Fig. 7 shows the construction of an example Unbalanced Star+Mesh topology for C=4 and N=10. In the first step, sensor nodes n1 through n3 are selected as DA_nodes. This is done by setting the receiving channels for nodes n1, n2, and n3 to ch2, ch3, and ch4, respectively. Moreover, the sending channels for the DA_nodes are set to ch1, and the destination is set to n0. In the second step, the sink node and DA_nodes are each assigned the same number of L_nodes. Thus, the sensor nodes n4 is assigned to the sink node n0, and sensor nodes n5, n6, and n7 are assigned to DA_nodes n1, n2, and n3, respectively. In addition, the sending channels for nodes n4, n5, n6, and n7 are set to ch1, ch2, ch3, and ch4, respectively. In the last step, the remaining sensor nodes nC+MMNC through nN are sequentially assigned to DA_nodes except the last DA_node (i.e., nC−1), which is done to reduce data aggregation and exploit parallelism.

Fig. 7.An example construction of an Unbalanced Star+Mesh topology

The proposed method also conisders the residual energy of nodes. As can be seen in Fig.6, DA_nodes consume more energy than L_nodes since they aggregate data from L_nodes and transmit it to the sink node. In constrast, L_nodes only transmit data to a DA_node. This imbalance in energy consumption requires the role between DA_node and L_node to be swapped, and thus, the topology construction in Fig. 5 is performed periodically. The sink node collects the residual energy of all the nodes and the node number in Fig. 5 is given in descending order of its residual energy.
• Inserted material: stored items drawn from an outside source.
section \<open>Normal conformal factors\<close>

text \<open>Jensen's inequality for exp, via the tangent line exp t \<ge> exp m (1 + t - m) at the mean m.\<close>
lemma exp_integral_le_nn_integral_exp:
  fixes w g :: "'a \<Rightarrow> real"
  assumes [measurable]: "w \<in> borel_measurable M" "g \<in> borel_measurable M"
    and w_nonneg: "\<And>y. 0 \<le> w y" and w_int: "integrable M w" and w_total: "integral\<^sup>L M w = 1"
    and wg_int: "integrable M (\<lambda>y. w y * g y)"
  shows "ennreal (exp (\<integral>y. w y * g y \<partial>M)) \<le> (\<integral>\<^sup>+y. ennreal (w y * exp (g y)) \<partial>M)"
proof (cases "(\<integral>\<^sup>+y. ennreal (w y * exp (g y)) \<partial>M) = \<infinity>")
  case False
  define m where "m = (\<integral>y. w y * g y \<partial>M)"
  have w_exp_int: "integrable M (\<lambda>y. w y * exp (g y))"
    using False w_nonneg by (intro integrableI_nonneg) (auto simp: less_top)
  have tangent: "w y * (exp m * (1 + g y - m)) \<le> w y * exp (g y)" for y
  proof -
    have "exp m * (1 + (g y - m)) \<le> exp m * exp (g y - m)"
      by (intro mult_left_mono exp_ge_add_one_self) simp
    then show ?thesis
      using w_nonneg[of y] by (intro mult_left_mono) (simp_all add: add_diff_eq exp_diff)
  qed
  have "exp m = (\<integral>y. exp m * (w y + w y * g y - m * w y) \<partial>M)"
    using w_int wg_int by (simp add: w_total m_def)
  also have "\<dots> \<le> (\<integral>y. w y * exp (g y) \<partial>M)"
    using w_int wg_int w_exp_int tangent
    by (intro integral_mono) (auto simp: algebra_simps)
  finally have "ennreal (exp m) \<le> ennreal (\<integral>y. w y * exp (g y) \<partial>M)"
    by (rule ennreal_leI)
  also have "\<dots> = (\<integral>\<^sup>+y. ennreal (w y * exp (g y)) \<partial>M)"
    using w_exp_int w_nonneg by (intro nn_integral_eq_integral[symmetric]) auto
  finally show ?thesis
    by (simp add: m_def)
qed simp

lemma AE_hvol_not_in: "finite A \<Longrightarrow> AE y in hvol. y \<notin> A"
  unfolding hvol_def
  by (subst AE_density) (auto intro: AE_not_in finite_imp_null_set_lborel)

lemma hdist_vertical_eq_hnorm:
  assumes "hdist y (0, 0, s) = hnorm y" "s \<noteq> 0"
  shows "2 * snd (snd y) = s"
proof -
  obtain a b t where y: "y = (a, b, t)"
    by (cases y) auto
  have "hdist y (0, 0, s) ^ 4 = (a\<^sup>2 + b\<^sup>2)\<^sup>2 + (s - t)\<^sup>2"
    by (simp add: y hdist_def hmult_def hinv_def hnorm_pow4)
  moreover have "hnorm y ^ 4 = (a\<^sup>2 + b\<^sup>2)\<^sup>2 + t\<^sup>2"
    by (simp add: y hnorm_pow4)
  ultimately have "(s - t)\<^sup>2 = t\<^sup>2"
    using assms(1) by (metis add_left_cancel)
  then have "s * (s - 2 * t) = 0"
    by algebra
  then show ?thesis
    using assms(2) by (auto simp: y)
qed

text \<open>Only the products of f with the kernels ln (hnorm y / hdist y x) are known to be integrable;
  the kernels for x = (0,0,1) and x = (0,0,-1) never vanish simultaneously away from the origin,
  so f is recovered from the two products by division.\<close>
lemma borel_measurable_of_log_kernel:
  fixes f :: "heis \<Rightarrow> real"
  assumes "\<And>s. (\<lambda>y. ln (hnorm y / hdist y (0, 0, s)) * f y) \<in> borel_measurable borel"
  shows "f \<in> borel_measurable borel"
proof -
  define K where "K s y = ln (hnorm y / hdist y (0, 0, s))" for s y
  have [measurable]: "K s \<in> borel_measurable borel" "(\<lambda>y. K s y * f y) \<in> borel_measurable borel" for s
    using assms unfolding K_def by measurable
  have K_eq_0: "2 * snd (snd y) = s \<or> y = (0, 0, s)" if "y \<noteq> 0" "K s y = 0" "s \<noteq> 0" for y s
  proof (cases "hdist y (0, 0, s) = 0")
    case False
    then have "hdist y (0, 0, s) = hnorm y"
      using that hnorm_pos[of y] hdist_nonneg[of y "(0, 0, s)"] by (simp add: K_def)
    then show ?thesis
      using that(3) by (simp add: hdist_vertical_eq_hnorm)
  qed (simp add: hdist_eq_0_iff)
  have "K 1 y \<noteq> 0 \<or> K (-1) y \<noteq> 0" if "y \<noteq> 0" for y
    using K_eq_0[OF that, of 1] K_eq_0[OF that, of "-1"] by auto
  then have "f = (\<lambda>y. if y = 0 then f 0 else if K 1 y \<noteq> 0 then K 1 y * f y / K 1 y
      else K (-1) y * f y / K (-1) y)"
    by (auto simp: fun_eq_iff)
  also have "\<dots> \<in> borel_measurable borel"
    by measurable
  finally show ?thesis .
qed

lemma ln_kernel_diff:
  assumes "y \<noteq> 0" "y \<noteq> x" "y \<noteq> x'"
  shows "ln (hnorm y / hdist y x) - ln (hnorm y / hdist y x') = ln (hdist y x' / hdist y x)"
  using assms hnorm_pos[of y] hdist_pos[of y x] hdist_pos[of y x'] by (simp add: ln_div)

text \<open>Far from the ball, y sees x and x' at comparable distances (ratio at most 3, and 3^4 = 81);
  near the ball, hdist y x' < 3r.\<close>
lemma hdist_ratio_powr_le:
  assumes r: "0 < r" and x: "x \<in> hball p r" and x': "x' \<in> hball p r" and \<beta>: "0 \<le> \<beta>" "\<beta> \<le> 4"
  shows "(hdist y x' / hdist y x) powr \<beta> \<le> 81 + indicator (hball p (2 * r)) y * (3 * r / hdist y x) powr \<beta>"
proof -
  have y_x': "hdist y x' \<le> hdist p y + hdist p x'"
    using hdist_triangle[of y x' p] hdist_commute[of y p] by linarith
  have p_y: "hdist p y \<le> hdist y x + hdist p x"
    using hdist_triangle[of p y x] hdist_commute[of x y] by linarith
  show ?thesis
  proof (cases "y \<in> hball p (2 * r)")
    case True
    have "hdist y x' / hdist y x \<le> 3 * r / hdist y x"
      using y_x' True x' by (intro divide_right_mono) (auto simp: hball_eq hdist_nonneg)
    then have "(hdist y x' / hdist y x) powr \<beta> \<le> (3 * r / hdist y x) powr \<beta>"
      by (intro powr_mono2 \<beta>) (simp_all add: hdist_nonneg)
    then show ?thesis
      using True by simp
  next
    case False
    then have "hdist y x' \<le> 3 * hdist y x"
      using y_x' p_y x x' by (simp add: hball_eq)
    then have "hdist y x' / hdist y x \<le> 3"
      by (cases "hdist y x = 0") (simp_all add: divide_le_eq hdist_pos less_le hdist_nonneg)
    then have "(hdist y x' / hdist y x) powr \<beta> \<le> 3 powr \<beta>"
      by (intro powr_mono2 \<beta>) (simp_all add: hdist_nonneg)
    also have "\<dots> \<le> 3 powr (4 :: real)"
      using \<beta> by (intro powr_mono) auto
    finally show ?thesis
      using False by (simp add: powr_numeral)
  qed
qed

lemma set_integrable_hvol_compact:
  assumes "continuous_on UNIV g" "compact K"
  shows "set_integrable hvol K (g :: heis \<Rightarrow> real)"
proof -
  have "continuous_on K g"
    using assms(1) by (rule continuous_on_subset) simp
  with assms(2) have "integrable lborel (\<lambda>x. indicator K x *\<^sub>R g x)"
    by (rule borel_integrable_compact)
  then have "integrable lborel (\<lambda>x. 4 *\<^sub>R (indicator K x *\<^sub>R g x))"
    by (rule integrable_scaleR_right)
  moreover have [measurable]: "K \<in> sets borel"
    using assms(2) by (simp add: compact_imp_closed borel_closed)
  ultimately have "integrable (density lborel (\<lambda>x. ennreal ((\<lambda>_. 4) x))) (\<lambda>x. indicator K x *\<^sub>R g x)"
    by (subst integrable_density) simp_all
  then show ?thesis
    unfolding set_integrable_def hvol_def by simp
qed

lemma set_average_le_INF:
  fixes w :: "'a \<Rightarrow> real"
  assumes [measurable]: "B \<in> sets M" "w \<in> borel_measurable M"
    and w_nonneg: "\<And>x. 0 \<le> w x"
    and B_pos: "0 < emeasure M B" and B_fin: "emeasure M B < \<infinity>" and C0: "0 < C0"
    and bound: "\<And>x'. x' \<in> B \<Longrightarrow>
      (\<integral>\<^sup>+x. indicator B x * ennreal (w x) \<partial>M) \<le> ennreal (w x') * (emeasure M B * ennreal C0)"
  shows "set_lebesgue_integral M B w / measure M B \<le> C0 * (INF x\<in>B. w x)"
proof -
  define I where "I = set_lebesgue_integral M B w"
  have \<mu>: "emeasure M B = ennreal (measure M B)" and \<mu>_pos: "0 < measure M B"
    using B_pos B_fin by (auto simp: emeasure_eq_ennreal_measure less_top zero_less_measure_iff)
  have I_eq: "I = enn2real (\<integral>\<^sup>+x. indicator B x * ennreal (w x) \<partial>M)"
    unfolding I_def set_lebesgue_integral_def using w_nonneg
    by (subst integral_eq_nn_integral) (auto intro!: arg_cong[where f = enn2real] nn_integral_cong
        simp: indicator_def)
  have "I / measure M B / C0 \<le> w x'" if "x' \<in> B" for x'
  proof -
    have "I \<le> w x' * measure M B * C0"
      unfolding I_eq using bound[OF that] \<mu> w_nonneg[of x'] \<mu>_pos C0
      by (intro enn2real_leI) (simp_all add: ennreal_mult[symmetric] mult.assoc)
    then show ?thesis
      using \<mu>_pos C0 by (simp add: divide_le_eq mult.commute mult.left_commute)
  qed
  moreover have "B \<noteq> {}"
    using B_pos by auto
  ultimately have "I / measure M B / C0 \<le> (INF x\<in>B. w x)"
    by (intro cINF_greatest)
  then have "I / measure M B \<le> (INF x\<in>B. w x) * C0"
    using C0 by (simp only: pos_divide_le_eq)
  then show ?thesis
    by (simp only: I_def mult.commute)
qed

lemma smooth_heis_imp_continuous: "smooth_heis u \<Longrightarrow> continuous_on UNIV u"
  unfolding smooth_heis_def
  by (metis continuous_at_imp_continuous_on differentiable_imp_continuous_within iter_pd.simps(1))

text \<open>In the application f is Q' e^{4u} and c is c'_1.\<close>
locale normal_conformal_factor =
  fixes u f :: "heis \<Rightarrow> real" and c C :: real
  assumes c_pos: "0 < c"
    and continuous_u: "continuous_on UNIV u"
    and f_nonneg: "\<And>y. 0 \<le> f y"
    and f_measurable [measurable]: "f \<in> borel_measurable borel"
    and f_integrable: "integrable hvol f"
    and mass_less: "integral\<^sup>L hvol f < c"
    and kernel_integrable: "\<And>x. integrable hvol (\<lambda>y. ln (hnorm y / hdist y x) * f y)"
    and u_eq: "\<And>x. u x = 1 / c * (\<integral>y. ln (hnorm y / hdist y x) * f y \<partial>hvol) + C"
begin

definition mass :: real where
  "mass = integral\<^sup>L hvol f"

definition \<beta> :: real where
  "\<beta> = 4 * mass / c"

lemma mass_nonneg: "0 \<le> mass"
  unfolding mass_def using f_nonneg by simp

lemma \<beta>_nonneg: "0 \<le> \<beta>"
  unfolding \<beta>_def using mass_nonneg c_pos by simp

lemma \<beta>_less_4: "\<beta> < 4"
  unfolding \<beta>_def using mass_less c_pos by (simp add: mass_def field_simps)

lemma u_measurable [measurable]: "u \<in> borel_measurable borel"
  using continuous_u by (rule borel_measurable_continuous_onI)

lemma nn_integral_f_div_mass: "(\<integral>\<^sup>+y. ennreal (f y / mass) \<partial>hvol) = (if mass = 0 then 0 else 1)"
proof (cases "mass = 0")
  case False
  then have "(\<integral>\<^sup>+y. ennreal (f y / mass) \<partial>hvol) = ennreal (\<integral>y. f y / mass \<partial>hvol)"
    using f_integrable f_nonneg mass_nonneg by (intro nn_integral_eq_integral) auto
  then show ?thesis
    using False by (simp add: mass_def)
qed simp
3.2 GTS Allocation Algorithm

The proposed GTS allocation algorithm can be applied to any time slot TDMA-based protocols; however, our discussion is based on IEEE 802.15.4 packet frame and superframe structure [26]. The superframe structure is shown in Fig. 8, which is composed of Active and Inactive periods. The Active period is subdivided into beacon period, Contention Access Period (CAP), and Contention Free Period (CFP). During the beacon period, the sink node broadcasts a beacon signal to synchronize all the sensor nodes. After the beacon period, all the nodes except the sink node communicate data during the CAP based on the slotted CSMA/CA. During the CFP, nodes use their Guaranteed Time Slots (GTSs) to transmit data without collisions. The Inactive period is the same as the sleep period. The CFP can reduce unnecessary collisions and retransmissions, which are the causes of energy inefficiency. Thus, the proposed ISRMC-MAC protocol employs only the beacon period and the CFP in the superframe structure.
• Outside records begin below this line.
(* Let $n\ge 2$ and assume the standing assumptions in the context hold. Suppose $\operatorname{rank}(\Psi_{t,t+1})=n$ for all $1\le t\le\sigma-1$. Define $\Upsilon(t,t+1)=\hat{\mathcal O}_{t+1}^\dagger\mathcal Z_{t,t+1}\Psi_{t,t+1}^\dagger$ for $1\le t\le\sigma-1$. For $\mu\in\mathbb{S}$ define $$\Upsilon(\mu,1)=\Upsilon(1,2)^{-1}\Upsilon(2,3)^{-1}\cdots\Upsilon(\mu-1,\mu)^{-1},$$ with $\Upsilon(1,1)=I_n$. Set $$\check A_\mu=\Upsilon(\mu,1)\hat A_\mu\Upsilon(\mu,1)^{-1},\quad \check B_\mu=\Upsilon(\mu,1)\hat B_\mu,\quad \check C_\mu=\hat C_\mu\Upsilon(\mu,1)^{-1},\quad \check D_\mu=\hat D_\mu,$$ and let $\check{\mathcal P}=\{(\check A_\mu,\check B_\mu,\check C_\mu,\check D_\mu)\}_{\mu\in\mathbb{S}}$. Then $\Upsilon(\mu,1)=T_1^{-1}T_\mu$ for every $\mu$. Moreover, the LSS with discrete states $\check{\mathcal P}$ has the same input-output map as the true LSS. That is, for every hybrid input (arbitrary switching sequence, with no dwell-time restriction, and arbitrary continuous input) and every initial state $x(0)$, the output of the LSS with discrete states $\check{\mathcal P}$ started from $T_1^{-1}x(0)$ equals the output of the true LSS started from $x(0)$. In particular, the Markov parameters of the two systems coincide.
   Context: **System data.** Consider the true LSS $$x(k+1)=A_{\varphi(k)}x(k)+B_{\varphi(k)}u(k),\qquad y(k)=C_{\varphi(k)}x(k)+D_{\varphi(k)}u(k),$$ with state dimension $n$ and discrete states $\mathcal P_j=(A_j,B_j,C_j,D_j)$, $j\in\mathbb{S}=\{1,\dots,\sigma\}$. Data $(u(k),\varphi(k),y(k))$, $k\in[1,N]$, are observed, and $\varphi$ is surjective onto $\mathbb{S}$. **Switching times and dwell times.** Write $k_0=1<k_1<\dots<k_{i^*}<k_{i^*+1}=N$, with $\varphi$ constant on each $[k_i,k_{i+1})$ and changing at each $k_i$, $1\le i\le i^*$. Set $\delta_*=\min_i(k_{i+1}-k_i)$. **Standing assumptions.** - Each $\mathcal P_j$ is minimal of McMillan degree $n$, has invertible $A_j$, and is BIBO stable. - $\delta_*\ge n$ for the observed data. - Estimates $\hat{\mathcal P}_j=(\hat A_j,\hat B_j,\hat C_j,\hat D_j)$, one per mode, satisfy $$\hat A_j=T_j^{-1}A_jT_j,\quad \hat B_j=T_j^{-1}B_j,\quad \hat C_j=C_jT_j,\quad \hat D_j=D_j$$ for unknown nonsingular $T_j$. **Constructions.** Let $q=\delta_*-1$, and let $$\hat{\mathcal O}_j=[\hat C_j^T\ (\hat C_j\hat A_j)^T\cdots(\hat C_j\hat A_j^{q})^T]^T.$$ Let $\hat\Gamma_j$ be the block lower-triangular Toeplitz matrix with $(q+1)\times(q+1)$ blocks, diagonal blocks $\hat D_j$, and $(r,s)$ block $\hat C_j\hat A_j^{r-s-1}\hat B_j$ for $r>s$. For $1\le i\le i^*$, write $\nu=\varphi(k_{i-1})$ and $\mu=\varphi(k_i)$, and define: - $\hat x(k_{i-1})=\hat{\mathcal O}_\nu^\dagger(Y_{i-1}-\hat\Gamma_\nu U_{i-1})$, with $Y_{i-1},U_{i-1}$ the stacked outputs and inputs over $[k_{i-1},k_{i-1}+q]$, and $X^\dagger=(X^TX)^{-1}X^T$; - $\kappa_{i-1}=\hat A_\nu^{k_i-k_{i-1}}\hat x(k_{i-1})+\sum_{l=k_{i-1}}^{k_i-1}\hat A_\nu^{k_i-l-1}\hat B_\nu u(l)$; - $\zeta_i(k)=y(k)-\hat D_\mu u(k)-\sum_{l=k_i}^{k-1}\hat C_\mu\hat A_\mu^{k-l-1}\hat B_\mu u(l)$ for $k\in[k_i,k_{i+1})$; - $Z_i=[\zeta_i(k_i)^T\cdots\zeta_i(k_i+q)^T]^T$. Let $\mathcal N_{\nu,\mu}=\{i\in[1,i^*]:\varphi(k_{i-1})=\nu,\ \varphi(k_i)=\mu\}$. Let $\Psi_{\nu,\mu}$ have columns $\kappa_{i-1}$ and $\mathcal Z_{\nu,\mu}$ have columns $Z_i$, for $i\in\mathcal N_{\nu,\mu}$ in increasing order. Set $\Psi^\dagger=\Psi^T(\Psi\Psi^T)^{-1}$. *)

theory Defs
  imports "Jordan_Normal_Form.Gauss_Jordan_Elimination" "Jordan_Normal_Form.DL_Rank"
begin

definition minv :: "real mat \<Rightarrow> real mat" where
  "minv M = the (mat_inverse M)"

definition pinv_left :: "real mat \<Rightarrow> real mat" where
  "pinv_left X = minv (transpose_mat X * X) * transpose_mat X"

definition pinv_right :: "real mat \<Rightarrow> real mat" where
  "pinv_right X = transpose_mat X * minv (X * transpose_mat X)"

definition vsum :: "nat \<Rightarrow> (nat \<Rightarrow> real vec) \<Rightarrow> nat set \<Rightarrow> real vec" where
  "vsum d f S = vec d (\<lambda>r. \<Sum>l\<in>S. f l $ r)"

primrec lss_state :: "(nat \<Rightarrow> real mat) \<Rightarrow> (nat \<Rightarrow> real mat) \<Rightarrow> (nat \<Rightarrow> nat)
    \<Rightarrow> (nat \<Rightarrow> real vec) \<Rightarrow> real vec \<Rightarrow> nat \<Rightarrow> real vec" where
  "lss_state A B phi u x0 0 = x0"
| "lss_state A B phi u x0 (Suc k) =
     A (phi k) *\<^sub>v lss_state A B phi u x0 k + B (phi k) *\<^sub>v u k"

definition lss_output :: "(nat \<Rightarrow> real mat) \<Rightarrow> (nat \<Rightarrow> real mat) \<Rightarrow> (nat \<Rightarrow> real mat)
    \<Rightarrow> (nat \<Rightarrow> real mat) \<Rightarrow> (nat \<Rightarrow> nat) \<Rightarrow> (nat \<Rightarrow> real vec) \<Rightarrow> real vec \<Rightarrow> nat \<Rightarrow> real vec" where
  "lss_output A B C D phi u x0 k =
     C (phi k) *\<^sub>v lss_state A B phi u x0 k + D (phi k) *\<^sub>v u k"

text \<open>Markov parameter for a mode word w = [j0, j1, ..., jk] (in time order):
  D j0 if k = 0, and C jk * A j(k-1) * ... * A j1 * B j0 otherwise.\<close>
fun markov :: "(nat \<Rightarrow> real mat) \<Rightarrow> (nat \<Rightarrow> real mat) \<Rightarrow> (nat \<Rightarrow> real mat)
    \<Rightarrow> (nat \<Rightarrow> real mat) \<Rightarrow> nat list \<Rightarrow> real mat" where
  "markov A B C D [] = 0\<^sub>m 0 0"
| "markov A B C D [j] = D j"
| "markov A B C D (j0 # j1 # w) =
     C (last (j1 # w)) * foldl (\<lambda>M j. A j * M) (B j0) (butlast (j1 # w))"

text \<open>Extended observability matrix [C; CA; ...; CA^q] (p = number of outputs).\<close>
definition obs_mat :: "nat \<Rightarrow> nat \<Rightarrow> real mat \<Rightarrow> real mat \<Rightarrow> real mat" where
  "obs_mat p q A C = mat (Suc q * p) (dim_col A) (\<lambda>(r, c). (C * A ^\<^sub>m (r div p)) $$ (r mod p, c))"

text \<open>Controllability matrix [B AB ... A^(n-1) B] (m = number of inputs).\<close>
definition ctrb_mat :: "nat \<Rightarrow> nat \<Rightarrow> real mat \<Rightarrow> real mat \<Rightarrow> real mat" where
  "ctrb_mat n m A B = mat n (n * m) (\<lambda>(r, c). (A ^\<^sub>m (c div m) * B) $$ (r, c mod m))"

definition minimal_sys :: "nat \<Rightarrow> nat \<Rightarrow> nat \<Rightarrow> real mat \<Rightarrow> real mat \<Rightarrow> real mat \<Rightarrow> bool" where
  "minimal_sys n m p A B C \<longleftrightarrow>
     vec_space.rank n (ctrb_mat n m A B) = n \<and> vec_space.rank (n * p) (obs_mat p (n - 1) A C) = n"

definition bibo_stable :: "nat \<Rightarrow> nat \<Rightarrow> nat \<Rightarrow> real mat \<Rightarrow> real mat \<Rightarrow> real mat \<Rightarrow> real mat \<Rightarrow> bool" where
  "bibo_stable n m p A B C D \<longleftrightarrow>
     (\<forall>u. (\<forall>k. u k \<in> carrier_vec m) \<longrightarrow> (\<exists>M. \<forall>k i. i < m \<longrightarrow> \<bar>u k $ i\<bar> \<le> M) \<longrightarrow>
       (\<exists>M. \<forall>k i. i < p \<longrightarrow>
          \<bar>lss_output (\<lambda>_. A) (\<lambda>_. B) (\<lambda>_. C) (\<lambda>_. D) (\<lambda>_. 0) u (0\<^sub>v n) k $ i\<bar> \<le> M))"

text \<open>Block lower-triangular Toeplitz matrix with (q+1)x(q+1) blocks.\<close>
definition toep_mat :: "nat \<Rightarrow> nat \<Rightarrow> nat \<Rightarrow> real mat \<Rightarrow> real mat \<Rightarrow> real mat \<Rightarrow> real mat \<Rightarrow> real mat" where
  "toep_mat p m q A B C D = mat (Suc q * p) (Suc q * m) (\<lambda>(r, c).
     (let a = r div p; b = c div m in
      if a = b then D $$ (r mod p, c mod m)
      else if b < a then (C * A ^\<^sub>m (a - b - 1) * B) $$ (r mod p, c mod m)
      else 0))"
Fig. 8.Superframe structure in IEEE 802.15.4.

The overall process of the GTS allocation is as follows: The first part of the GTSs in each channel is allocated to L_nodes for transmiting data to their parent nodes (i.e., DA_nodes). The next part of the GTSs is used for DA_nodes to deliver the aggregated data either to the sink node in the tree topology or to the other DA_nodes in the mesh topology. Table 2 shows the notations used in the GTS allocation algorithm.

Table 2.Notation used in Fig. 9 and Fig. 10.
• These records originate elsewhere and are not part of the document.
(* If $N$ is a normal form, i.e. $N$ is generated by the grammar $N ::= xN_1\cdots N_k \mid \lambda x.N \mid \mu\alpha.[\beta]N$ ($k\ge0$), then there exist a basis $\Gamma$, a name context $\Delta$ and $\kappa\in\mathcal{T}_C$ such that $\Gamma\vdash N:\kappa\to\nu\mid\Delta$ is derivable in the intersection type system.
   Context: $\lambda\mu$-terms: $M,N ::= x \mid \lambda x.M \mid MN \mid \mu\alpha.[\beta]M$ over disjoint denumerable sets of term variables and names ($\lambda$ binds $x$, $\mu$ binds $\alpha$; bound and free variables/names assumed distinct). Types: with constant $\nu$ and symbol $\omega$ (not itself a type), $\mathcal{T}_D:\ \delta ::= \nu \mid \omega\to\nu \mid \kappa\to\nu \mid \delta\wedge\delta$; $\mathcal{T}_C:\ \kappa ::= \delta\times\omega \mid \delta\times\kappa \mid \kappa\wedge\kappa$ ($\times$ right-associative). $\le$ is the least preorder on $\mathcal{T}_D$ and on $\mathcal{T}_C$ such that: $\sigma\wedge\tau\le\sigma$; $\sigma\wedge\tau\le\tau$; $\nu\le\omega\to\nu$; $\omega\to\nu\le\nu$; $\delta_1\times\delta_2\times\omega\le\delta_1\times\omega$; $(\delta_1\times\omega)\wedge(\delta_2\times\kappa)\le(\delta_1\wedge\delta_2)\times\kappa$; $(\delta_1\times\kappa_1)\wedge(\delta_2\times\kappa_2)\le(\delta_1\wedge\delta_2)\times(\kappa_1\wedge\kappa_2)$; $\delta_1\le\delta_2\Rightarrow\delta_1\times\omega\le\delta_2\times\omega$; $\delta_1\le\delta_2,\kappa_1\le\kappa_2\Rightarrow\delta_1\times\kappa_1\le\delta_2\times\kappa_2$; $\sigma\le\tau_1,\sigma\le\tau_2\Rightarrow\sigma\le\tau_1\wedge\tau_2$; $\kappa_2\le\kappa_1\Rightarrow\kappa_1\to\nu\le\kappa_2\to\nu$. Typing: bases $\Gamma$ (finite maps variables $\to\mathcal{T}_D$), name contexts $\Delta$ (finite maps names $\to\mathcal{T}_C$); judgements $\Gamma\vdash M:\delta\mid\Delta$, with variables of $\Gamma$ and names of $\Delta$ not bound in $M$. Rules: (ax) $\Gamma,x{:}\delta\vdash x:\delta\mid\Delta$; (abs) from $\Gamma,x{:}\delta\vdash M:\kappa\to\nu\mid\Delta$ infer $\Gamma\vdash\lambda x.M:\delta\times\kappa\to\nu\mid\Delta$; (app) from $\Gamma\vdash M:\delta\times\kappa\to\nu\mid\Delta$ and $\Gamma\vdash N:\delta\mid\Delta$ infer $\Gamma\vdash MN:\kappa\to\nu\mid\Delta$ ($\kappa\in\mathcal{T}_C$ or $\kappa=\omega$); ($\mu$) from $\Gamma\vdash M:\kappa'\to\nu\mid\alpha{:}\kappa,\beta{:}\kappa',\Delta$ infer $\Gamma\vdash\mu\alpha.[\beta]M:\kappa\to\nu\mid\beta{:}\kappa',\Delta$ ($\beta\neq\alpha$), and from $\Gamma\vdash M:\kappa\to\nu\mid\alpha{:}\kappa,\Delta$ infer $\Gamma\vdash\mu\alpha.[\alpha]M:\kappa\to\nu\mid\Delta$; ($\le$) from $\Gamma\vdash M:\delta\mid\Delta$, $\delta\le\delta'$ infer $\Gamma\vdash M:\delta'\mid\Delta$; ($\wedge$) from $\Gamma\vdash M:\delta\mid\Delta$, $\Gamma\vdash M:\delta'\mid\Delta$ infer $\Gamma\vdash M:\delta\wedge\delta'\mid\Delta$. *)

theory Defs
  imports Main
begin

datatype ('v, 'n) trm =
    Var 'v
  | Lam 'v "('v, 'n) trm"
  | App "('v, 'n) trm" "('v, 'n) trm"
  | Mu 'n 'n "('v, 'n) trm"   \<comment> \<open>Mu a b M  stands for  mu a.[b]M\<close>

fun fvars :: "('v, 'n) trm \<Rightarrow> 'v set" where
  "fvars (Var x) = {x}"
| "fvars (Lam x M) = fvars M - {x}"
| "fvars (App M N) = fvars M \<union> fvars N"
| "fvars (Mu a b M) = fvars M"

fun bvars :: "('v, 'n) trm \<Rightarrow> 'v set" where
  "bvars (Var x) = {}"
| "bvars (Lam x M) = insert x (bvars M)"
| "bvars (App M N) = bvars M \<union> bvars N"
| "bvars (Mu a b M) = bvars M"

fun fnames :: "('v, 'n) trm \<Rightarrow> 'n set" where
  "fnames (Var x) = {}"
| "fnames (Lam x M) = fnames M"
| "fnames (App M N) = fnames M \<union> fnames N"
| "fnames (Mu a b M) = insert b (fnames M) - {a}"

fun bnames :: "('v, 'n) trm \<Rightarrow> 'n set" where
  "bnames (Var x) = {}"
| "bnames (Lam x M) = bnames M"
| "bnames (App M N) = bnames M \<union> bnames N"
| "bnames (Mu a b M) = insert a (bnames M)"

fun nested_distinct :: "('v, 'n) trm \<Rightarrow> bool" where
  "nested_distinct (Var x) = True"
| "nested_distinct (Lam x M) = (x \<notin> bvars M \<and> nested_distinct M)"
| "nested_distinct (App M N) = (nested_distinct M \<and> nested_distinct N)"
| "nested_distinct (Mu a b M) = (a \<notin> bnames M \<and> nested_distinct M)"

definition var_convention :: "('v, 'n) trm \<Rightarrow> bool" where
  "var_convention M \<longleftrightarrow> bvars M \<inter> fvars M = {} \<and> bnames M \<inter> fnames M = {}
     \<and> nested_distinct M"

inductive normal_form :: "('v, 'n) trm \<Rightarrow> bool" where
  nf_head: "(\<forall>N \<in> set Ns. normal_form N) \<Longrightarrow> normal_form (foldl App (Var x) Ns)"
| nf_lam: "normal_form N \<Longrightarrow> normal_form (Lam x N)"
| nf_mu: "normal_form N \<Longrightarrow> normal_form (Mu a b N)"

text \<open>dtype = T_D, ctype = T_C. Nu = nu; ArrW = omega->nu; Arr k = k->nu;
  ProdW d = d x omega; Prod d k = d x k.\<close>
datatype dtype = Nu | ArrW | Arr ctype | DAnd dtype dtype
     and ctype = ProdW dtype | Prod dtype ctype | CAnd ctype ctype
Fig. 9 shows the flowchart of the GTS allocation algorithm for L_nodes. First, the time slots from the beginning of the CFP are allocated to L_nodes that were selected during the second step of the Unbalanced Star+Mesh topology construction shown in Fig. 5. This is done for each ni, where i is greater than equal to C and less than C+MMNC. For each node that satisfies this requirement, the 1st time slot (ts) is assigned as the time slot number for ni (si). Although ts starts with 0, it is incremented by one (i.e., the first time slot) in the first iteration because i starts with C (i.e., i%C==0). After these L_nodes have been assigned to the 1st time slot, ts is incremented by one. This process repeats until there are less than C nodes remaining. Next, the remaining L_nodes that were selected during the last step in Fig. 5 are allocated to the time slot. Since the remaining L_nodes are assigned to DA_nodes except the last DA_node (i.e., nodes n1, n2, ⋯, nC-2), both nC+MMNC and nC+MMNC+C-2 are assigned to n1. Therefore, ts is increased by one when i%C is equal to either 0 or C−2.

Fig. 9.GTS allocation for L_nodes.

The flowchart for the GTS allocation for DA_nodes is given in Fig. 10. The algorithm starts with ts initialized to sC+MMNC and an empty set of DA_nodes (DA_S). In the first step, a check is made to determine whether each DA_node has aggregated all the data from its L_nodes. This is done by checking whether the number of child nodes it has (cni) is equal to the previous time slot ts−1. If so, the DA_node has aggregate data from all of its L_nodes, and the node ni is added to the set of DA_nodes (DA_S). This process is repeated as long as i is less than C.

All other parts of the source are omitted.